Why is $\delta\mathbf{u}\cdot \mathrm{div}(\mathbf{\sigma}) = -\mathrm{grad}(\delta\mathbf{u}) \mathbf{:} \mathbf{\sigma}$? Context is from this deal.ii tutorial. Screenshot of the relevant part is below.

I don't get the transformation from $\delta\mathbf{u}\cdot \mathrm{div}(\mathbf{\sigma})$ to $-\mathrm{grad}(\delta\mathbf{u}) \mathbf{:} \mathbf{\sigma}$, that seems to be happening as a part of the first line. $\mathbf{u}$ is the displacement field (vector field), $\sigma$ is the stress tensor (tensor field) and $\delta$ is the variational operator. When I try to break the problem down in index notation, I get
$$\delta\mathbf{u}\cdot \mathrm{div}(\mathbf{\sigma}) = \delta u_i\cdot\frac{\partial\sigma_{ij}}{\partial x_j}$$
and
$$-\mathrm{grad}(\delta\mathbf{u}) \mathbf{:} \mathbf{\sigma} = -\delta\left(\frac{\partial u_i}{\partial x_j}\right)\cdot \sigma_{ij}.$$
Which means that $$\delta u_i\cdot\frac{\partial\sigma_{ij}}{\partial x_j} = -\delta\left(\frac{\partial u_i}{\partial x_j}\right)\cdot \sigma_{ij}.$$
Can these two terms possibly be the same?
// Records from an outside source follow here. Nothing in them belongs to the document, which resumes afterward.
(* Let $\mathcal Y$ be a finite set, let $R$ be a probability measure on $\mathcal Y$ with $r(y)=R(\{y\})>0$ for all $y$, and let $p,q:\mathcal Y\to(0,\infty)$ be the densities with respect to $R$ of probability measures $P,Q$ on $\mathcal Y$. For $\gamma\notin\{0,-1\}$ define $$D_\gamma(P,Q;R)=-\frac1\gamma\frac{\sum_{y} p(y)q(y)^\gamma r(y)}{\big(\sum_y q(y)^{\gamma+1}r(y)\big)^{\gamma/(\gamma+1)}}+\frac1\gamma\Big(\sum_y p(y)^{\gamma+1}r(y)\Big)^{1/(\gamma+1)},$$ and define the GM-divergence $$D_{\rm GM}(P,Q;R)=\Big(\sum_y\frac{p(y)}{q(y)}r(y)\Big)\exp\Big\{\sum_y r(y)\log q(y)\Big\}-\exp\Big\{\sum_y r(y)\log p(y)\Big\}.$$ Then $\lim_{\gamma\to-1}D_\gamma(P,Q;R)=D_{\rm GM}(P,Q;R)$. *)

theory Defs
  imports "HOL-Analysis.Analysis"
begin

definition gamma_div :: "'a set \<Rightarrow> ('a \<Rightarrow> real) \<Rightarrow> ('a \<Rightarrow> real) \<Rightarrow> ('a \<Rightarrow> real) \<Rightarrow> real \<Rightarrow> real" where
  "gamma_div Y r p q \<gamma> =
     - (1 / \<gamma>) * (\<Sum>y\<in>Y. p y * q y powr \<gamma> * r y)
         / (\<Sum>y\<in>Y. q y powr (\<gamma> + 1) * r y) powr (\<gamma> / (\<gamma> + 1))
     + (1 / \<gamma>) * (\<Sum>y\<in>Y. p y powr (\<gamma> + 1) * r y) powr (1 / (\<gamma> + 1))"

definition GM_div :: "'a set \<Rightarrow> ('a \<Rightarrow> real) \<Rightarrow> ('a \<Rightarrow> real) \<Rightarrow> ('a \<Rightarrow> real) \<Rightarrow> real" where
  "GM_div Y r p q =
     (\<Sum>y\<in>Y. p y / q y * r y) * exp (\<Sum>y\<in>Y. r y * ln (q y))
     - exp (\<Sum>y\<in>Y. r y * ln (p y))"

end

theory Submission
  imports Defs
begin

text \<open>Writing \<open>t = \<gamma> + 1\<close>, the \<open>\<gamma>\<close>-divergence combines the weighted power means of order \<open>t\<close>
  of \<open>p\<close> and \<open>q\<close> with factors that are continuous at \<open>\<gamma> = -1\<close>. As \<open>t \<rightarrow> 0\<close> a power mean tends
  to the geometric mean: \<open>ln (\<Sum>y. f y powr t * r y)\<close> vanishes at \<open>t = 0\<close>, so divided by \<open>t\<close>
  it tends to its derivative there, which is \<open>\<Sum>y. r y * ln (f y)\<close>.\<close>

lemma tendsto_powr_reciprocal_exp_deriv:
  fixes S :: "real \<Rightarrow> real"
  assumes deriv: "(S has_real_derivative D) (at 0)" and S0: "S 0 = 1"
  shows "((\<lambda>t. S t powr (1 / t)) \<longlongrightarrow> exp D) (at 0)"
proof -
  have "((\<lambda>t. ln (S t)) has_real_derivative D) (at 0)"
    using deriv S0 by (auto intro!: derivative_eq_intros)
  then have "((\<lambda>t. ln (S t) / t) \<longlongrightarrow> D) (at 0)"
    using S0 by (simp add: has_field_derivative_iff)
  then have "((\<lambda>t. exp (ln (S t) / t)) \<longlongrightarrow> exp D) (at 0)"
    by (rule tendsto_exp)
  moreover have "\<forall>\<^sub>F t in at 0. exp (ln (S t) / t) = S t powr (1 / t)"
  proof -
    have "(S \<longlongrightarrow> 1) (at 0)"
      using DERIV_isCont[OF deriv] S0 by (simp add: isCont_def)
    then have "\<forall>\<^sub>F t in at 0. S t > 0"
      by (rule order_tendstoD) simp
    then show ?thesis
      by eventually_elim (simp add: powr_def)
  qed
  ultimately show ?thesis
    by (rule Lim_transform_eventually)
qed

definition power_mean :: "'a set \<Rightarrow> ('a \<Rightarrow> real) \<Rightarrow> ('a \<Rightarrow> real) \<Rightarrow> real \<Rightarrow> real" where
  "power_mean Y r f t = (\<Sum>y\<in>Y. f y powr t * r y) powr (1 / t)"

definition geometric_mean :: "'a set \<Rightarrow> ('a \<Rightarrow> real) \<Rightarrow> ('a \<Rightarrow> real) \<Rightarrow> real" where
  "geometric_mean Y r f = exp (\<Sum>y\<in>Y. r y * ln (f y))"

lemma power_mean_tendsto_geometric_mean:
  fixes Y :: "'a set" and r f :: "'a \<Rightarrow> real"
  assumes "finite Y" and "(\<Sum>y\<in>Y. r y) = 1" and f_pos: "\<And>y. y \<in> Y \<Longrightarrow> f y > 0"
  shows "(power_mean Y r f \<longlongrightarrow> geometric_mean Y r f) (at 0)"
  unfolding power_mean_def geometric_mean_def
proof (rule tendsto_powr_reciprocal_exp_deriv)
  have "((\<lambda>t. \<Sum>y\<in>Y. f y powr t * r y) has_real_derivative (\<Sum>y\<in>Y. ln (f y) * f y powr 0 * r y)) (at 0)"
    using f_pos by (auto intro!: derivative_eq_intros)
  also have "(\<Sum>y\<in>Y. ln (f y) * f y powr 0 * r y) = (\<Sum>y\<in>Y. r y * ln (f y))"
    by (intro sum.cong) (auto dest: f_pos)
  finally show "((\<lambda>t. \<Sum>y\<in>Y. f y powr t * r y) has_real_derivative (\<Sum>y\<in>Y. r y * ln (f y))) (at 0)" .
  have "(\<Sum>y\<in>Y. f y powr 0 * r y) = (\<Sum>y\<in>Y. r y)"
    by (intro sum.cong) (auto dest: f_pos)
  then show "(\<Sum>y\<in>Y. f y powr 0 * r y) = 1"
    using assms(2) by simp
qed

lemma gamma_div_eq_power_means:
  fixes Y :: "'a set" and r p q :: "'a \<Rightarrow> real"
  assumes "\<gamma> \<noteq> -1" and r_nonneg: "\<And>y. y \<in> Y \<Longrightarrow> r y \<ge> 0"
  shows "gamma_div Y r p q \<gamma> =
           - (1 / \<gamma>) * (\<Sum>y\<in>Y. p y * q y powr \<gamma> * r y) * power_mean Y r q (\<gamma> + 1)
               / (\<Sum>y\<in>Y. q y powr (\<gamma> + 1) * r y)
           + (1 / \<gamma>) * power_mean Y r p (\<gamma> + 1)"
proof -
  define B where "B = (\<Sum>y\<in>Y. q y powr (\<gamma> + 1) * r y)"
  have "B \<ge> 0"
    unfolding B_def by (intro sum_nonneg mult_nonneg_nonneg) (auto dest: r_nonneg)
  have "\<gamma> / (\<gamma> + 1) = 1 - 1 / (\<gamma> + 1)"
    using assms(1) by (simp add: field_simps)
  then have "B powr (\<gamma> / (\<gamma> + 1)) = B / B powr (1 / (\<gamma> + 1))"
    using \<open>B \<ge> 0\<close> by (simp add: powr_diff)
  then show ?thesis
    unfolding gamma_div_def power_mean_def B_def[symmetric] by simp
qed

theorem mainTheorem3:
  fixes Y :: "'a set" and r p q :: "'a \<Rightarrow> real"
  assumes "finite Y"
    and "\<And>y. y \<in> Y \<Longrightarrow> r y > 0" and "(\<Sum>y\<in>Y. r y) = 1"
    and "\<And>y. y \<in> Y \<Longrightarrow> p y > 0" and "(\<Sum>y\<in>Y. p y * r y) = 1"
    and "\<And>y. y \<in> Y \<Longrightarrow> q y > 0" and "(\<Sum>y\<in>Y. q y * r y) = 1"
  shows "((\<lambda>\<gamma>. gamma_div Y r p q \<gamma>) \<longlongrightarrow> GM_div Y r p q) (at (-1))"
proof -
  note fin = assms(1) and r_pos = assms(2) and r_sum = assms(3) and p_pos = assms(4)
    and q_pos = assms(6)
  have mean: "((\<lambda>\<gamma>. power_mean Y r f (\<gamma> + 1)) \<longlongrightarrow> geometric_mean Y r f) (at (-1))"
    if "\<And>y. y \<in> Y \<Longrightarrow> f y > 0" for f
    using power_mean_tendsto_geometric_mean[OF fin r_sum that]
    by (simp add: LIM_offset_zero_iff[of "-1::real"])
  have "((\<lambda>\<gamma>. \<Sum>y\<in>Y. p y * q y powr \<gamma> * r y)
          \<longlongrightarrow> (\<Sum>y\<in>Y. p y * q y powr -1 * r y)) (at (-1))" (is "(?cross \<longlongrightarrow> _) _")
    by (intro tendsto_intros) (auto dest: q_pos)
  also have "(\<Sum>y\<in>Y. p y * q y powr -1 * r y) = (\<Sum>y\<in>Y. p y / q y * r y)"
    by (intro sum.cong) (auto simp: powr_minus_divide dest: q_pos)
  finally have cross_sum: "(?cross \<longlongrightarrow> (\<Sum>y\<in>Y. p y / q y * r y)) (at (-1))" .
  have "((\<lambda>\<gamma>. \<Sum>y\<in>Y. q y powr (\<gamma> + 1) * r y)
          \<longlongrightarrow> (\<Sum>y\<in>Y. q y powr (-1 + 1) * r y)) (at (-1))" (is "(?q_sum \<longlongrightarrow> _) _")
    by (intro tendsto_intros) (auto dest: q_pos)
  also have "(\<Sum>y\<in>Y. q y powr (-1 + 1) * r y) = 1"
    using r_sum by (simp cong: sum.cong add: less_imp_neq[OF q_pos, symmetric])
  finally have q_sum: "(?q_sum \<longlongrightarrow> 1) (at (-1))" .
  have "((\<lambda>\<gamma>. - (1 / \<gamma>) * (\<Sum>y\<in>Y. p y * q y powr \<gamma> * r y) * power_mean Y r q (\<gamma> + 1)
               / (\<Sum>y\<in>Y. q y powr (\<gamma> + 1) * r y) + (1 / \<gamma>) * power_mean Y r p (\<gamma> + 1))
        \<longlongrightarrow> - (1 / -1) * (\<Sum>y\<in>Y. p y / q y * r y) * geometric_mean Y r q / 1
            + (1 / -1) * geometric_mean Y r p) (at (-1))" (is "(?rewritten \<longlongrightarrow> _) _")
    by (intro tendsto_intros cross_sum q_sum mean p_pos q_pos) auto
  then have "(?rewritten \<longlongrightarrow> GM_div Y r p q) (at (-1))"
    by (simp add: GM_div_def geometric_mean_def)
  then show ?thesis
    by (rule Lim_transform_eventually)
      (auto simp: eventually_at_filter gamma_div_eq_power_means less_imp_le r_pos)
qed

end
There's a minus sign on one of them and not on the other, and in the left side the derivation is taken of $\sigma$ while on the right side it's taken of $u$. I can't see any transformations that would turn one into the other, and I also can't find a mistake in my chain of reasoning, what am I missing here?
 A: This is pretty much just a Green Theorem of the form
$$
\int_\Omega g_i \frac{\partial f_{ij}}{\partial x_j} dV= - \int_\Omega \frac{\partial g_i}{\partial x_j} f_{ij} dV+ \int_{\partial \Omega} g_i f_{ij} n_j dS
$$
where $n$ is the normal to the surface, applied on the term $\int_\Omega \delta\mathbf{u}\cdot \mathrm{div}(\mathbf{\sigma}) d v $.
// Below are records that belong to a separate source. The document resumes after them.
lemma ln_mult_power2:
  fixes l :: real
  assumes "0 < l"
  shows "ln (l * 2^k) = ln l + real k * ln 2"
  using assms by (simp add: ln_mult ln_realpow)

lemma dyadic_block_ratio_upper:
  fixes a :: "nat \<Rightarrow> real" and l c :: real
  assumes pos: "\<And>n. n \<ge> 1 \<Longrightarrow> 0 < a n" and l: "0 < l" and c: "0 < c"
    and ev: "eventually (\<lambda>n. c < ln (l * real n) * (1/2 - a (2*n) / a n)
                          \<and> c < ln (l * real n) * (1/2 - a (2*n+1) / a n)) sequentially"
  shows "eventually (\<lambda>k. dyadic_block a (Suc k)
           \<le> (1 - 2*c / (ln (2*l) + real k * ln 2)) * dyadic_block a k) sequentially"
proof -
  have "eventually (\<lambda>n. 1 < l * real n) sequentially"
    using l by real_asymp
  then have "eventually (\<lambda>k. \<forall>n\<ge>2^k. 1 < l * real n
      \<and> c < ln (l * real n) * (1/2 - a (2*n) / a n)
      \<and> c < ln (l * real n) * (1/2 - a (2*n+1) / a n)) sequentially"
    using ev by (rule eventually_all_ge_power2[OF eventually_conj])
  then show ?thesis
  proof eventually_elim
    case (elim k)
    let ?L = "ln (2*l) + real k * ln 2"
    show ?case
    proof (rule dyadic_block_Suc_le)
      fix n :: nat assume n: "2^k \<le> n" "n < 2^Suc k"
      have "l * real n \<le> l * 2^Suc k"
        using n l by (simp del: power_Suc)
      then have "ln (l * real n) \<le> ?L"
        using elim n l by (simp add: ln_mult_power2[symmetric] mult.commute mult.left_commute)
      moreover have "0 < ln (l * real n)" "0 < a n"
        using elim n pos by auto
      ultimately have "a (2*n) \<le> (1/2 - c/?L) * a n" "a (2*n+1) \<le> (1/2 - c/?L) * a n"
        using elim n c by (blast intro: le_half_minus_div_mult)+
      moreover have "(1 - 2*c/?L) * a n = (1/2 - c/?L) * a n + (1/2 - c/?L) * a n"
        by (simp add: algebra_simps)
      ultimately show "a (2*n) + a (2*n+1) \<le> (1 - 2*c/?L) * a n"
        by linarith
    qed
  qed
qed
The term $\sigma_{ij}n_j$ is then written out as $t$ which should be a force prescribed on the boundary.
A: The author is doing two things at once: integration by parts and invoking the divergence theorem. In coordinate form you have $\delta u \cdot \operatorname{div}\sigma$ being
$\delta u_i\, \partial\sigma_{ij}/\partial x_j$, and
\begin{align}
\delta u_i\, \frac{\partial\sigma_{ij}}{\partial x_j} &=
\frac{\partial}{\partial x_j}\left(\delta u_i\,\sigma_{ij}\right) - 
\frac{\partial \delta u_i}{\partial x_j}\sigma_{ij}.
\end{align}
The second term on the right appears within the integral over $\Omega$ and the first, after using the divergence theorem, in the integral over $\partial\Omega$.